Task statement: Please repeat the records, word for word and without gaps.
─── Records shown ───
(* Let $v\in\{1,\dots,m\}$, let $B\subseteq\mathcal{L}^{mn}$ be a ball, let $B''\subseteq B$ be a ball and $\mu_{v-1}>0$ such that $\|M_{v-1}(A)\|_\infty>\rho(B)\,\mu_{v-1}\,M_{v-2}(B'')$ for all $A\in B''$. If $B'\subseteq B''$ is a ball with $\rho(B')<\tfrac12\mu_{v-1}\rho(B'')$, then $\|M_{v-1}(A')\|_\infty>\tfrac12 M_{v-1}(B')$ for every $A'\in B'$.
   Context: $\mathbb{F}$ is the finite field with $k$ elements, $\mathcal{L}=\mathbb{F}((X^{-1}))$ with absolute value $|x|=k^{n}$ where $X^n$ is the leading term of $x$, $\|\mathbf{x}\|_\infty=\max_i|x_i|$; $m\times n$ matrices are identified with $\mathcal{L}^{mn}$; balls are closed balls $\{\|A-C\|_\infty\le\rho\}$ with radius $\rho(\cdot)$. For $A\in\mathcal{L}^{mn}$ let $\tilde A^*=\begin{pmatrix}A^T&I_n\\ I_m&0\end{pmatrix}$ and $\mathrm{col}_l(\tilde A^* )$ its $l$-th column; $\mathbf{x}\cdot\mathbf{y}=\sum x_iy_i$. Fix vectors $\mathbf{y}_1,\dots,\mathbf{y}_m\in\mathcal{L}^{m+n}$ that are orthonormal (i.e. $\mathbf{y}_i\cdot\mathbf{y}_j=\delta_{ij}$ and $\|\sum_it_i\mathbf{y}_i\|_\infty=\max_i|t_i|$ for all $t_i\in\mathcal{L}$). Let $G(A)$ be the $m\times m$ matrix with entries $G(A)_{il}=\mathbf{y}_i\cdot\mathrm{col}_l(\tilde A^* )$. For $1\le v\le m$, $M_v(A)\in\mathcal{L}^{\binom{m}{v}^2}$ is the vector of all $v\times v$ minors of $G(A)$ in a fixed order; $M_0(A)=M_{-1}(A)=(1)\in\mathcal{L}$. For $K\subseteq\mathcal{L}^{mn}$, $M_v(K)=\max_{A\in K}\|M_v(A)\|_\infty$. *)

theory Defs
  imports "HOL-Computational_Algebra.Formal_Laurent_Series"
          "Jordan_Normal_Form.DL_Rank_Submatrix"
begin

text \<open>The field L = F((X^{-1})) over the finite field F = 'a (k = card (UNIV :: 'a set) elements) is
  represented by formal Laurent series in t = X^{-1} with finitely many negative powers
  of t ('a fls).  The leading term X^n of x corresponds to t^{-n}, i.e. n = - fls_subdegree x.\<close>

definition absL :: "'a::{field,finite} fls \<Rightarrow> real" where
  "absL x = (if x = 0 then 0 else real (card (UNIV :: 'a set)) powr (- of_int (fls_subdegree x)))"

definition vnormL :: "'a::{field,finite} fls vec \<Rightarrow> real" where
  "vnormL x = Max (insert 0 {absL (x $ i) | i. i < dim_vec x})"

definition mnormL :: "'a::{field,finite} fls mat \<Rightarrow> real" where
  "mnormL A = Max (insert 0 {absL (A $$ (i,j)) | i j. i < dim_row A \<and> j < dim_col A})"

definition radL :: "'a::{field,finite} itself \<Rightarrow> int \<Rightarrow> real" where
  "radL _ z = real (card (UNIV :: 'a set)) powr of_int z"

definition ballL :: "nat \<Rightarrow> nat \<Rightarrow> 'a::{field,finite} fls mat \<Rightarrow> int \<Rightarrow> 'a fls mat set" where
  "ballL m n C z = {A \<in> carrier_mat m n. mnormL (A - C) \<le> radL TYPE('a) z}"

definition tildeAstar :: "nat \<Rightarrow> nat \<Rightarrow> 'a::field fls mat \<Rightarrow> 'a fls mat" where
  "tildeAstar m n A = four_block_mat (transpose_mat A) (1\<^sub>m n) (1\<^sub>m m) (0\<^sub>m m n)"

definition Gmat :: "(nat \<Rightarrow> 'a::field fls vec) \<Rightarrow> nat \<Rightarrow> nat \<Rightarrow> 'a fls mat \<Rightarrow> 'a fls mat" where
  "Gmat y m n A = mat m m (\<lambda>(i,l). y i \<bullet> col (tildeAstar m n A) l)"
text \<open>Call the points of \<open>pc_Xtilde\<close> regular. An \<open>\<omega>\<close>-limit point y of a regular orbit is
  non-wandering, because a later point of the same orbit close to y comes back close to y; as the
  non-wandering set is closed, \<open>L \<subseteq> \<Omega>\<close>. A regular point returning near x at a time \<open>m \<ge> n\<close> is
  the n-th iterate of a regular point, hence lies in \<open>\<Lambda>\<^sub>n\<close>, a finite union of closed atoms;
  so \<open>\<Omega> \<subseteq> \<Lambda>\<^sub>n\<close> for every n.

  For recurrence, local connectedness gives a connected neighbourhood V of x consisting of regular
  points. No iterate of V meets \<open>\<Delta>\<close>, so each connected set \<open>f\<^sup>n(V)\<close> lies in a single piece and
  all iterates of f are non-expanding on V. The orbit of x therefore follows the orbit of any point
  of V that returns near x, and x returns near itself infinitely often.\<close>

lemma frequently_sequentially_iff_reindex:
  "frequently Q sequentially \<longleftrightarrow> (\<exists>r. filterlim r at_top sequentially \<and> (\<forall>k. Q (r k)))"
proof
  assume "frequently Q sequentially"
  then obtain r where r: "\<forall>k. k \<le> r k \<and> Q (r k)"
    unfolding frequently_sequentially choice_iff by blast
  have "filterlim r at_top sequentially"
    by (rule filterlim_at_top_mono[OF filterlim_ident always_eventually]) (use r in blast)
  with r show "\<exists>r. filterlim r at_top sequentially \<and> (\<forall>k. Q (r k))"
    by blast
next
  assume "\<exists>r. filterlim r at_top sequentially \<and> (\<forall>k. Q (r k))"
  then obtain r where r: "filterlim r at_top sequentially" "\<And>k. Q (r k)"
    by blast
  show "frequently Q sequentially"
    unfolding frequently_sequentially
  proof
    fix M
    obtain k where "M \<le> r k"
      using r(1) unfolding filterlim_at_top eventually_sequentially by (metis le_refl)
    with r(2) show "\<exists>n\<ge>M. Q n"
      by blast
  qed
qed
───
Problem solution:
(* Let $v\in\{1,\dots,m\}$, let $B\subseteq\mathcal{L}^{mn}$ be a ball, let $B''\subseteq B$ be a ball and $\mu_{v-1}>0$ such that $\|M_{v-1}(A)\|_\infty>\rho(B)\,\mu_{v-1}\,M_{v-2}(B'')$ for all $A\in B''$. If $B'\subseteq B''$ is a ball with $\rho(B')<\tfrac12\mu_{v-1}\rho(B'')$, then $\|M_{v-1}(A')\|_\infty>\tfrac12 M_{v-1}(B')$ for every $A'\in B'$.
   Context: $\mathbb{F}$ is the finite field with $k$ elements, $\mathcal{L}=\mathbb{F}((X^{-1}))$ with absolute value $|x|=k^{n}$ where $X^n$ is the leading term of $x$, $\|\mathbf{x}\|_\infty=\max_i|x_i|$; $m\times n$ matrices are identified with $\mathcal{L}^{mn}$; balls are closed balls $\{\|A-C\|_\infty\le\rho\}$ with radius $\rho(\cdot)$. For $A\in\mathcal{L}^{mn}$ let $\tilde A^*=\begin{pmatrix}A^T&I_n\\ I_m&0\end{pmatrix}$ and $\mathrm{col}_l(\tilde A^* )$ its $l$-th column; $\mathbf{x}\cdot\mathbf{y}=\sum x_iy_i$. Fix vectors $\mathbf{y}_1,\dots,\mathbf{y}_m\in\mathcal{L}^{m+n}$ that are orthonormal (i.e. $\mathbf{y}_i\cdot\mathbf{y}_j=\delta_{ij}$ and $\|\sum_it_i\mathbf{y}_i\|_\infty=\max_i|t_i|$ for all $t_i\in\mathcal{L}$). Let $G(A)$ be the $m\times m$ matrix with entries $G(A)_{il}=\mathbf{y}_i\cdot\mathrm{col}_l(\tilde A^* )$. For $1\le v\le m$, $M_v(A)\in\mathcal{L}^{\binom{m}{v}^2}$ is the vector of all $v\times v$ minors of $G(A)$ in a fixed order; $M_0(A)=M_{-1}(A)=(1)\in\mathcal{L}$. For $K\subseteq\mathcal{L}^{mn}$, $M_v(K)=\max_{A\in K}\|M_v(A)\|_\infty$. *)

theory Defs
  imports "HOL-Computational_Algebra.Formal_Laurent_Series"
          "Jordan_Normal_Form.DL_Rank_Submatrix"
begin

text \<open>The field L = F((X^{-1})) over the finite field F = 'a (k = card (UNIV :: 'a set) elements) is
  represented by formal Laurent series in t = X^{-1} with finitely many negative powers
  of t ('a fls).  The leading term X^n of x corresponds to t^{-n}, i.e. n = - fls_subdegree x.\<close>

definition absL :: "'a::{field,finite} fls \<Rightarrow> real" where
  "absL x = (if x = 0 then 0 else real (card (UNIV :: 'a set)) powr (- of_int (fls_subdegree x)))"

definition vnormL :: "'a::{field,finite} fls vec \<Rightarrow> real" where
  "vnormL x = Max (insert 0 {absL (x $ i) | i. i < dim_vec x})"

definition mnormL :: "'a::{field,finite} fls mat \<Rightarrow> real" where
  "mnormL A = Max (insert 0 {absL (A $$ (i,j)) | i j. i < dim_row A \<and> j < dim_col A})"

definition radL :: "'a::{field,finite} itself \<Rightarrow> int \<Rightarrow> real" where
  "radL _ z = real (card (UNIV :: 'a set)) powr of_int z"

definition ballL :: "nat \<Rightarrow> nat \<Rightarrow> 'a::{field,finite} fls mat \<Rightarrow> int \<Rightarrow> 'a fls mat set" where
  "ballL m n C z = {A \<in> carrier_mat m n. mnormL (A - C) \<le> radL TYPE('a) z}"

definition tildeAstar :: "nat \<Rightarrow> nat \<Rightarrow> 'a::field fls mat \<Rightarrow> 'a fls mat" where
  "tildeAstar m n A = four_block_mat (transpose_mat A) (1\<^sub>m n) (1\<^sub>m m) (0\<^sub>m m n)"

definition Gmat :: "(nat \<Rightarrow> 'a::field fls vec) \<Rightarrow> nat \<Rightarrow> nat \<Rightarrow> 'a fls mat \<Rightarrow> 'a fls mat" where
  "Gmat y m n A = mat m m (\<lambda>(i,l). y i \<bullet> col (tildeAstar m n A) l)"
text \<open>Call the points of \<open>pc_Xtilde\<close> regular. An \<open>\<omega>\<close>-limit point y of a regular orbit is
  non-wandering, because a later point of the same orbit close to y comes back close to y; as the
  non-wandering set is closed, \<open>L \<subseteq> \<Omega>\<close>. A regular point returning near x at a time \<open>m \<ge> n\<close> is
  the n-th iterate of a regular point, hence lies in \<open>\<Lambda>\<^sub>n\<close>, a finite union of closed atoms;
  so \<open>\<Omega> \<subseteq> \<Lambda>\<^sub>n\<close> for every n.

  For recurrence, local connectedness gives a connected neighbourhood V of x consisting of regular
  points. No iterate of V meets \<open>\<Delta>\<close>, so each connected set \<open>f\<^sup>n(V)\<close> lies in a single piece and
  all iterates of f are non-expanding on V. The orbit of x therefore follows the orbit of any point
  of V that returns near x, and x returns near itself infinitely often.\<close>

lemma frequently_sequentially_iff_reindex:
  "frequently Q sequentially \<longleftrightarrow> (\<exists>r. filterlim r at_top sequentially \<and> (\<forall>k. Q (r k)))"
proof
  assume "frequently Q sequentially"
  then obtain r where r: "\<forall>k. k \<le> r k \<and> Q (r k)"
    unfolding frequently_sequentially choice_iff by blast
  have "filterlim r at_top sequentially"
    by (rule filterlim_at_top_mono[OF filterlim_ident always_eventually]) (use r in blast)
  with r show "\<exists>r. filterlim r at_top sequentially \<and> (\<forall>k. Q (r k))"
    by blast
next
  assume "\<exists>r. filterlim r at_top sequentially \<and> (\<forall>k. Q (r k))"
  then obtain r where r: "filterlim r at_top sequentially" "\<And>k. Q (r k)"
    by blast
  show "frequently Q sequentially"
    unfolding frequently_sequentially
  proof
    fix M
    obtain k where "M \<le> r k"
      using r(1) unfolding filterlim_at_top eventually_sequentially by (metis le_refl)
    with r(2) show "\<exists>n\<ge>M. Q n"
      by blast
  qed
qed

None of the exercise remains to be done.